The appearance of the live conger doesn't help. Wriggling in at seven to eight feet in length and 10 inches in diameter, this nocturnal bottom feeder, which inhabits deep-water shipwrecks and coral reefs, has a cylindrical, scale-free, mottled pink-and-gray-skinned body that is covered in a thick insulating slime. At one end is a bulbous head that looks something like a sock puppet with a pronounced overbite (anyone remember Ollie from early television's "Kukla, Fran and Ollie"?).

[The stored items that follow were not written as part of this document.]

lemma eval_trm_app3_lo_hi:
  assumes "vars t \<subseteq> {0, 1, 2}"
  shows "eval_trm I lo_val (app3 t vX vX vZ) = eval_trm I lo_val t"
    and "eval_trm I hi_val (app3 t vX vZ vZ) = eval_trm I hi_val t"
    and "eval_trm I hi_val (app3 t vX vX vZ) = eval_trm I lo_val t"
  by (rule eval_trm_app3_Var[OF assms]; simp add: lo_val_def hi_val_def)+

lemma base_terms_lo_hi_close:
  assumes "base_terms ar3 E M t" "h \<le> M"
  shows "\<bar>eval_trm B_interp lo_val (t h) - eval_trm B_interp hi_val (t h)\<bar> \<le> 1"
proof -
  have t: "wf_trm ar3 (t h)" "vars (t h) \<subseteq> {0, 1, 2}"
    using assms by (auto simp: base_terms_def ternary_def)
  have "eqc ar3 E (app3 (t h) vX vY vX) vX"
    using assms by (auto simp: base_terms_def)
  then have "eval_trm C_interp mid_val (app3 (t h) vX vY vX) = mid_val 0"
    using eqc_E_evalD(2)[OF _ lo_val_range] by simp
  moreover have "eval_trm C_interp mid_val (app3 (t h) vX vY vX) = eval_trm C_interp mid_val (t h)"
    by (rule eval_trm_app3_Var[OF t(2)]) (simp_all add: mid_val_def)
  ultimately have "\<not> eval_trm C_interp mid_val (t h)"
    by (simp add: mid_val_def)
  moreover have "((lo_val k, hi_val k), mid_val k) \<in> near" for k
    using two_le_n by (auto simp: near_def lo_val_def hi_val_def mid_val_def B_carrier_def)
  ultimately show ?thesis
    using near_eval_trm[OF t(1)] by (auto simp: near_def)
qed

lemma base_terms_ends:
  assumes "base_terms ar3 E M t" "range v \<subseteq> B_carrier"
  shows "eval_trm B_interp v (t 0) = v 0" "eval_trm B_interp v (t M) = v 2"
  using eqc_E_evalD(1)[OF _ assms(2), of "t 0" vX] eqc_E_evalD(1)[OF _ assms(2), of "t M" vZ]
    assms(1)
  by (simp_all add: base_terms_def)

lemma not_n_minus_1_distributive: "\<not> n_distributive ar3 E (n - 1)"
proof
  let ?M = "n - 1"
  assume "n_distributive ar3 E ?M"
  then obtain t where t: "jonsson_terms ar3 E ?M t"
    by (auto simp: n_distributive_def)
  then have base: "base_terms ar3 E ?M t"
    by (simp add: jonsson_terms_def)
  have vars: "vars (t h) \<subseteq> {0, 1, 2}" if "h \<le> ?M" for h
    using base that by (simp add: base_terms_def ternary_def)
  define L where "L h = eval_trm B_interp lo_val (t h)" for h
  define R where "R h = eval_trm B_interp hi_val (t h)" for h
  have step: "L (Suc h) = L h \<or> R (Suc h) = R h" if "h < ?M" for h
  proof (cases "even h")
    case True
    then have "eqc ar3 E (app3 (t h) vX vX vZ) (app3 (t (Suc h)) vX vX vZ)"
      using t that by (simp add: jonsson_terms_def)
    from eqc_E_evalD(1)[OF this lo_val_range] have "L h = L (Suc h)"
      using vars that by (simp add: L_def eval_trm_app3_lo_hi)
    then show ?thesis by simp
  next
    case False
    then have "eqc ar3 E (app3 (t h) vX vZ vZ) (app3 (t (Suc h)) vX vZ vZ)"
      using t that by (simp add: jonsson_terms_def)
    from eqc_E_evalD(1)[OF this hi_val_range] have "R h = R (Suc h)"
      using vars that by (simp add: R_def eval_trm_app3_lo_hi)
    then show ?thesis by simp
  qed
  have ends: "L 0 = 0" "R 0 = 0" "L ?M = int ?M" "R ?M = int ?M"
    using base_terms_ends[OF base lo_val_range] base_terms_ends[OF base hi_val_range] two_le_n
    by (simp_all add: L_def R_def lo_val_def hi_val_def of_nat_diff)
  have close: "\<bar>L h - R h\<bar> \<le> 1" if "h \<le> ?M" for h
    using base_terms_lo_hi_close[OF base that] by (simp add: L_def R_def)
  have "L ?M < int ?M \<or> R ?M < int ?M"
    by (rule alternating_chain_bound[where L = L and R = R, OF _ _ close step])
      (use two_le_n ends in auto)
  with ends show False by simp
qed

lemma not_n_minus_1_directed_distributive: "\<not> n_directed_distributive ar3 E (n - 1)"
proof
  let ?M = "n - 1"
  assume "n_directed_distributive ar3 E ?M"
  then obtain t where t: "directed_jonsson_terms ar3 E ?M t"
    by (auto simp: n_directed_distributive_def)
  then have base: "base_terms ar3 E ?M t"
    by (simp add: directed_jonsson_terms_def)
  have vars: "vars (t h) \<subseteq> {0, 1, 2}" if "h \<le> ?M" for h
    using base that by (simp add: base_terms_def ternary_def)
  define L where "L h = eval_trm B_interp lo_val (t h)" for h
  define R where "R h = eval_trm B_interp hi_val (t h)" for h
  have step: "L (Suc h) = R h" if "h < ?M" for h
  proof -
    have "eqc ar3 E (app3 (t h) vX vZ vZ) (app3 (t (Suc h)) vX vX vZ)"
      using t that by (simp add: directed_jonsson_terms_def)
    from eqc_E_evalD(1)[OF this hi_val_range] show ?thesis
      using vars that by (simp add: L_def R_def eval_trm_app3_lo_hi)
  qed
  have ends: "R 0 = 0" "L ?M = int ?M"
    using base_terms_ends[OF base lo_val_range] base_terms_ends[OF base hi_val_range] two_le_n
    by (simp_all add: L_def R_def lo_val_def hi_val_def of_nat_diff)
  have close: "R h \<le> L h + 1" if "h \<le> ?M" for h
    using base_terms_lo_hi_close[OF base that] by (simp add: L_def R_def)
  have "L ?M < int ?M"
    by (rule directed_chain_bound[where L = L and R = R, OF _ close step])
      (use two_le_n ends in auto)
  with ends show False by simp
qed

end

definition jonsson_cut :: "nat \<Rightarrow> bool \<Rightarrow> int" where
  "jonsson_cut h c = int h - of_bool (odd h \<noteq> c)"

definition alvin_cut :: "nat \<Rightarrow> bool \<Rightarrow> int" where
  "alvin_cut h c = int h - of_bool (odd h = c)"

definition directed_cut :: "nat \<Rightarrow> bool \<Rightarrow> int" where
  "directed_cut h c = int h - of_bool (\<not> c)"

lemma exists_specular_n_distributive_not_n_minus_1_distributive:
  assumes "2 \<le> n" "even n"
  shows "\<exists>(ar :: nat \<Rightarrow> nat) (E :: (nat trm \<times> nat trm) set).
    variety ar E \<and> locally_finite ar E \<and> specular_n_distributive ar E n \<and>
    \<not> n_distributive ar E (n - 1)"
proof -
  interpret cut_algebra jonsson_cut True n
    using assms(1) by unfold_locales (auto simp: jonsson_cut_def)
  have "jonsson_terms ar3 E n op_term"
    using assms(2) by (intro jonsson_terms_op_term) (auto simp: jonsson_cut_def)
  then show ?thesis
    unfolding specular_n_distributive_def
    by (intro exI[of _ ar3] exI[of _ E])
      (use variety_E locally_finite_E specular_op_term not_n_minus_1_distributive in blast)
qed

But while some may envision a scary sea beast with a name to match, Klink sees a fish with a future. For an Italian presentation, he lightly bakes conger fillets in olive oil and tops them with roasted plum tomatoes. Crusted in sesame seeds, a Japanese-style grilled conger is served with a wasabi beurre blanc. But the biggest sellers at Oceanaire are a spicy/sweet conger pad Thai and all-American conger chowder.

Aside from versatility, Klink appreciates that conger eel, which is also called kingclip by wholesalers, costs, on average, 50 percent less than the popular Chilean sea bass, American red snapper or halibut.

Rich Regan, chef and co-owner of Monocacy Crossing near Frederick, is the only other area chef using conger eel imported from Chile.

"When I first tried it, I poached it, I grilled it, I sautéed it and braised it, and it stays together and can stand up to a spicy, aggressive sauce," says Regan, who calls conger "a strong seller and image builder for the restaurant." Tomorrow night, for a Flying Dog beer dinner at the Crossing, Regan is serving blackened conger eel fingers as appetizers.

Wholesalers are also trying to attract chefs by stressing the environmental advantages of using of the abundant conger eel. "It's the underutilized species that a lot of chefs are looking for," says Kurt Friesland, who works for Jessup-based seafood wholesaler J.J. McDonnell. "The conger can take some of the pressure off of species that are being overused."

In the past, he says, conger eel has been "misrepresented by some wholesalers as grouper and snapper. The texture and taste are nearly the same. But now we're all recognizing the integrity of the product and selling it for what it is, a good value."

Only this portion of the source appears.